--- START ---

(* Let $R$ be a uniform $L$-layered $1$-semifield$^\dagger$. Any polynomials $f,g,h\in R[\lambda]$ satisfy $$|\Re(f,gh)|\cong_\nu|\Re(f,g)|\,|\Re(f,h)|\quad\text{and}\quad |\Re(fg,h)|\cong_\nu|\Re(f,h)|\,|\Re(g,h)|.$$
   Context: Concretely, $R=R(L,\mathcal{G})$ with $L$ a totally ordered commutative semiring$^\dagger$ (semiring without necessarily a zero) and $\mathcal{G}$ a totally ordered abelian group; elements $x^{[\ell]}$ ($x\in\mathcal{G}$, layer $\ell$), $x^{[k]}y^{[\ell]}=(xy)^{[k\ell]}$, $x^{[k]}+y^{[\ell]}$ equal to $x^{[k]}$ if $x>y$, $y^{[\ell]}$ if $x<y$, $x^{[k+\ell]}$ if $x=y$; a zero element $\mathbb{0}_R$ is formally adjoined. $u\cong_\nu v$ means $u,v$ have the same $\mathcal{G}$-value. The layered permanent of an $N\times N$ matrix is $|A|=\sum_{\sigma\in S_N}\prod_i a_{i,\sigma(i)}$. For $f=\sum_{i=0}^m\alpha_i\lambda^i$, $A_n(f)$ is the $n\times(m+n)$ matrix whose $r$-th row is $(\mathbb{0},\dots,\mathbb{0},\alpha_0,\dots,\alpha_m,\mathbb{0},\dots)$ with $r-1$ leading zeros; the Sylvester matrix is $\Re(f,g)=\binom{A_n(f)}{A_m(g)}$ ($\deg f=m,\deg g=n\ge1$), and the layered resultant is $|\Re(f,g)|$; for constant $f=\alpha_0$ the resultant is $\alpha_0^n$, and symmetrically for constant $g$. *)

theory Defs
  imports "HOL-Computational_Algebra.Polynomial" "HOL-Combinatorics.Permutations"
begin

text \<open>Layer semiring L: a totally ordered commutative semiring with 1 that need
not have a zero.\<close>

class lin_ord_comm_semiring_1 = comm_semiring + comm_monoid_mult + linorder +
  assumes add_right_mono_L: "a \<le> b \<Longrightarrow> a + c \<le> b + c"
  and mult_right_mono_L: "a \<le> b \<Longrightarrow> a * c \<le> b * c"

text \<open>The uniform layered structure R(L,G) with a formally adjoined zero.
  Lay x l stands for x^[l]. The totally ordered abelian group G is written
  additively (class linordered_ab_group_add), so the product x y of G is x + y
  and the unit of G is 0.\<close>

datatype ('g, 'l) layered = LZero | Lay 'g 'l

fun lay_add :: "('g::linorder, 'l::plus) layered \<Rightarrow> ('g, 'l) layered \<Rightarrow> ('g, 'l) layered" where
  "lay_add LZero b = b"
| "lay_add (Lay x k) LZero = Lay x k"
| "lay_add (Lay x k) (Lay y l) =
     (if y < x then Lay x k else if x < y then Lay y l else Lay x (k + l))"

fun lay_mult :: "('g::plus, 'l::times) layered \<Rightarrow> ('g, 'l) layered \<Rightarrow> ('g, 'l) layered" where
  "lay_mult LZero b = LZero"
| "lay_mult (Lay x k) LZero = LZero"
| "lay_mult (Lay x k) (Lay y l) = Lay (x + y) (k * l)"

instantiation layered :: (linordered_ab_group_add, lin_ord_comm_semiring_1) comm_semiring_1
begin

definition zero_layered_def: "0 = LZero"
definition one_layered_def: "1 = Lay 0 1"
definition plus_layered_def: "a + b = lay_add a b"
definition times_layered_def: "a * b = lay_mult a b"

instance
proof
  fix a b c :: "('a, 'b) layered"
  show "a + b + c = a + (b + c)"
    unfolding plus_layered_def
    by (cases a; cases b; cases c) (auto simp: add.assoc)
  show "a + b = b + a"
    unfolding plus_layered_def
    by (cases a; cases b) (auto simp: add.commute)
  show "0 + a = a"
    unfolding plus_layered_def zero_layered_def by simp
  show "a * b * c = a * (b * c)"
    unfolding times_layered_def
    by (cases a; cases b; cases c) (auto simp: add.assoc mult.assoc)
  show "a * b = b * a"
    unfolding times_layered_def
    by (cases a; cases b) (auto simp: add.commute mult.commute)
  show "1 * a = a"
    unfolding times_layered_def one_layered_def by (cases a) auto
  show "0 * a = 0"
    unfolding times_layered_def zero_layered_def by simp
  show "a * 0 = 0"
    unfolding times_layered_def zero_layered_def by (cases a) auto
  show "(a + b) * c = a * c + b * c"
    unfolding times_layered_def plus_layered_def
    by (cases a; cases b; cases c) (auto simp: distrib_right)
  show "(0::('a, 'b) layered) \<noteq> 1"
    unfolding zero_layered_def one_layered_def by simp
qed

end

fun nu_val :: "('g, 'l) layered \<Rightarrow> 'g option" where
  "nu_val LZero = None"
| "nu_val (Lay x l) = Some x"

definition nu_equiv :: "('g, 'l) layered \<Rightarrow> ('g, 'l) layered \<Rightarrow> bool" (infix "\<cong>\<^sub>\<nu>" 50) where
  "u \<cong>\<^sub>\<nu> v \<longleftrightarrow> nu_val u = nu_val v"

definition permanent :: "nat \<Rightarrow> (nat \<Rightarrow> nat \<Rightarrow> 'a::comm_semiring_1) \<Rightarrow> 'a" where
  "permanent N A = (\<Sum>\<sigma> \<in> {\<sigma>. \<sigma> permutes {..<N}}. \<Prod>i<N. A i (\<sigma> i))"

definition sylvester :: "'a::comm_semiring_1 poly \<Rightarrow> 'a poly \<Rightarrow> nat \<Rightarrow> nat \<Rightarrow> 'a" where
  "sylvester f g r j =
     (if r < degree g then (if r \<le> j then coeff f (j - r) else 0)
      else (let r' = r - degree g in if r' \<le> j then coeff g (j - r') else 0))"

definition layered_resultant :: "'a::comm_semiring_1 poly \<Rightarrow> 'a poly \<Rightarrow> 'a" where
  "layered_resultant f g =
     (if degree f = 0 then coeff f 0 ^ degree g
      else if degree g = 0 then coeff g 0 ^ degree f
      else permanent (degree f + degree g) (sylvester f g))"

end

theory Submission
  imports Defs
begin

text \<open>Forgetting the layers maps \<open>R\<close> homomorphically onto the max-plus semifield over the value group; the
  map commutes with resultants and turns \<open>\<cong>\<^sub>\<nu>\<close> into equality, so it suffices to show that
  tropical resultants are multiplicative, and by symmetry of the resultant only in the second
  argument. This follows from the tropical Poisson formula
  \<open>Res(f, g) = lc(f) ^ deg g * g(\<alpha>\<^sub>1) * \<dots> * g(\<alpha>\<^sub>m)\<close>, where \<open>\<alpha>\<^sub>1 \<ge> \<dots> \<ge> \<alpha>\<^sub>m\<close> are the tropical
  roots of \<open>f\<close>. The permanent of the Sylvester matrix is the maximum of its terms; every term is
  bounded by the right-hand side, because the exponents that a term gives to the roots are
  majorized by those of the \<open>g\<close>-rows, and a suitable shuffle of the \<open>f\<close>- and \<open>g\<close>-rows attains
  it. Tropical roots exist once all coefficient ratios have roots of orders up to \<open>deg f\<close>, which is
  arranged by first applying the injective endomorphism \<open>a \<mapsto> a ^ (deg f)!\<close>.\<close>

section \<open>The tropical semifield\<close>

instance layered :: (linordered_ab_group_add, lin_ord_comm_semiring_1) semiring_1_no_zero_divisors
proof
  fix a b :: "('a, 'b) layered"
  assume "a \<noteq> 0" "b \<noteq> 0"
  then show "a * b \<noteq> 0"
    unfolding zero_layered_def times_layered_def by (cases a; cases b) auto
qed
(* Let $\Omega\subset\mathbb{R}^n$ ($1\le n\le 3$) be a bounded domain, let $\mu_1,\mu_2,\alpha>0$, and impose on $\Omega$ either the Dirichlet or the Neumann boundary condition. Let $\rho_k$, $e_k$, $\beta^{\pm}_k(\lambda)$, $\lambda_0$, $\lambda_1$ be as in the context. Then: (1) Suppose $\lambda_0<\lambda_1$, and let $k_0\ge 1$ be an integer such that the minimum in the definition of $\lambda_0$ is achieved at $\rho_{k_0}$. Then $\beta^+_{k_0}(\lambda)$ is the first real eigenvalue of the linearized eigenvalue problem near $\lambda=\lambda_0$, and for every $k\in\mathbb{N}$ with $\rho_k=\rho_{k_0}$: $\beta^+_k(\lambda)<0$ if $\lambda<\lambda_0$, $\beta^+_k(\lambda)=0$ if $\lambda=\lambda_0$, $\beta^+_k(\lambda)>0$ if $\lambda>\lambda_0$; and $\mathrm{Re}\,\beta^{\pm}_j(\lambda_0)<0$ for every eigenvalue $\beta^{\pm}_j$ other than the $\beta^+_k$ with $\rho_k=\rho_{k_0}$. (2) Suppose $\lambda_1<\lambda_0$. Then $\beta^+_1(\lambda)=\overline{\beta^-_1(\lambda)}$ is a pair of first complex eigenvalues of the linearized eigenvalue problem near $\lambda=\lambda_1$, with $\mathrm{Re}\,\beta^+_1(\lambda)=\mathrm{Re}\,\beta^-_1(\lambda)$ being $<0$ if $\lambda<\lambda_1$, $=0$ if $\lambda=\lambda_1$, $>0$ if $\lambda>\lambda_1$; and $\mathrm{Re}\,\beta^{\pm}_k(\lambda_1)<0$ for all $k>1$.
   Context: Linearized eigenvalue problem (for parameter $\lambda>0$): find $\beta$ and $v=(v_1,v_2)\neq 0$ with $\mu_1\Delta v_1+(\lambda-1)v_1+\alpha^2v_2=\beta v_1$, $\mu_2\Delta v_2-\lambda v_1-\alpha^2 v_2=\beta v_2$ in $\Omega$, with $v=0$ on $\partial\Omega$ (Dirichlet) or $\partial v/\partial n=0$ on $\partial\Omega$ (Neumann). Let $\rho_k$ ($k=1,2,\dots$, nondecreasing, repeated with multiplicity) and $e_k$ be the eigenvalues and eigenfunctions of $-\Delta e_k=\rho_k e_k$ with the same boundary condition. Let $M_k=\begin{pmatrix}-\mu_1\rho_k+\lambda-1&\alpha^2\\-\lambda&-\mu_2\rho_k-\alpha^2\end{pmatrix}$. All eigenvalues of the linearized problem are the eigenvalues $\beta^{\pm}_k(\lambda)$ of the matrices $M_k$, with eigenfunctions $\xi^{\pm}_k e_k$ where $M_k\xi^{\pm}_k=\beta^{\pm}_k\xi^{\pm}_k$, explicitly $\beta^{\pm}_k(\lambda)=\tfrac12[\lambda-(\mu_1\rho_k+\mu_2\rho_k+\alpha^2+1)]\pm\tfrac12\big[(\lambda-\mu_1\rho_k-\mu_2\rho_k-\alpha^2-1)^2+4(\lambda\mu_2\rho_k-(\mu_1\rho_k+1)(\mu_2\rho_k+\alpha^2))\big]^{1/2}$. Define $\lambda_0=\min_{\rho_k}\frac{1}{\mu_2\rho_k}(\mu_1\rho_k+1)(\mu_2\rho_k+\alpha^2)$ (terms with $\rho_k=0$ are interpreted as $+\infty$) and $\lambda_1=\mu_1\rho_1+\mu_2\rho_1+\alpha^2+1$.
   Formalization: Part (1) assumes in addition that the minimum in the definition of $\lambda_0$ is achieved only at eigenvalues $\rho_k$ equal to $\rho_{k_0}$. The statement above fails without it. *)

theory Defs
  imports "HOL-Analysis.Analysis"
begin

datatype bc = Dirichlet | Neumann

text \<open>Abstract properties of the eigenvalue sequence rho 1 <= rho 2 <= ... (indexed from 1,
  repeated with multiplicity) of the Laplacian -Delta on a bounded (connected) domain with
  the boundary condition b: nonnegative, nondecreasing, tending to infinity, the first
  eigenvalue is simple, positive for Dirichlet and zero for Neumann.\<close>
definition laplace_spectrum :: "bc \<Rightarrow> (nat \<Rightarrow> real) \<Rightarrow> bool" where
  "laplace_spectrum b rho \<longleftrightarrow>
     (\<forall>k\<ge>1. 0 \<le> rho k) \<and>
     (\<forall>k\<ge>1. rho k \<le> rho (Suc k)) \<and>
     filterlim rho at_top sequentially \<and>
     rho 1 < rho 2 \<and>
     (b = Dirichlet \<longrightarrow> 0 < rho 1) \<and>
     (b = Neumann \<longrightarrow> rho 1 = 0)"
lemma sym_poly_perm_act:
  assumes "f \<in> sym_poly m" "\<pi> permutes {1..m}"
  shows "perm_act \<pi> f = f"
  using assms by (auto simp: sym_poly_def perm_act_Fract_1 permutes_bij)

lemma sym_poly_if_perm_act:
  assumes "poly_fract {1..m} g" "\<And>\<pi>. \<pi> permutes {1..m} \<Longrightarrow> perm_act \<pi> g = g"
  shows "g \<in> sym_poly m"
proof -
  obtain q where g: "g = Fract q 1" and q: "vars_in {1..m} q"
    using assms(1) by (auto simp: poly_fract_def)
  have "msubst (\<lambda>i. mVar (\<pi> i)) q = q" if "\<pi> permutes {1..m}" for \<pi>
    using assms(2)[OF that] that by (simp add: g perm_act_Fract_1 permutes_bij eq_fract)
  then show ?thesis
    using q by (auto simp: sym_poly_def vars_in_def g)
qed

lemma opA_eq_opB:
  assumes "\<And>\<pi>. \<pi> permutes {1..m} \<Longrightarrow> perm_act \<pi> f = f" "1 \<le> m"
  shows "opA m c f = opB m c f"
  using fold_ddiff_eq_divided_difference[OF assms order.refl]
  by (simp add: opA_eq_divided_difference opB_def)

lemma opB_in_sym_poly:
  assumes f: "f \<in> sym_poly m" and "1 \<le> m"
  shows "opB m c f \<in> sym_poly m"
proof (rule sym_poly_if_perm_act)
  have "poly_fract {1..m} (cz c 1 * beta 1 f)"
    using assms(2) by (intro poly_fract_cz_beta sym_poly_poly_fract f) simp
  then show "poly_fract {1..m} (opB m c f)"
    unfolding opB_def by (rule poly_fract_fold_ddiff) auto
  show "perm_act \<pi> (opB m c f) = opB m c f" if "\<pi> permutes {1..m}" for \<pi>
    using perm_act_opA[OF sym_poly_perm_act[OF f] that, of c]
      opA_eq_opB[OF sym_poly_perm_act[OF f] assms(2)]
    by simp
qed

theorem lemma4p7:
  fixes \<iota> :: "complex \<Rightarrow> 'a::idom" and m :: nat and c :: "'a poly"
  assumes "complex_alg_hom \<iota>" and "m \<ge> 1"
  shows "(\<forall>f\<in>sym_ratfun m. opA m c f = opB m c f)
       \<and> (\<forall>f\<in>sym_poly m. opA m c f \<in> sym_poly m \<and> opB m c f \<in> sym_poly m)"
proof -
  have "opA m c f = opB m c f" if "f \<in> sym_ratfun m \<or> f \<in> sym_poly m" for f
    using that sym_poly_perm_act[of f m] by (intro opA_eq_opB assms(2)) (auto simp: sym_ratfun_def)
  then show ?thesis
    using opB_in_sym_poly[OF _ assms(2)] by auto
qed

end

--- END ---

What the task asks => Show every line of the listing in which the string "noteq" can be found.

Output for this task =>
  show "(0::('a, 'b) layered) \<noteq> 1"
  assume "a \<noteq> 0" "b \<noteq> 0"
  then show "a * b \<noteq> 0"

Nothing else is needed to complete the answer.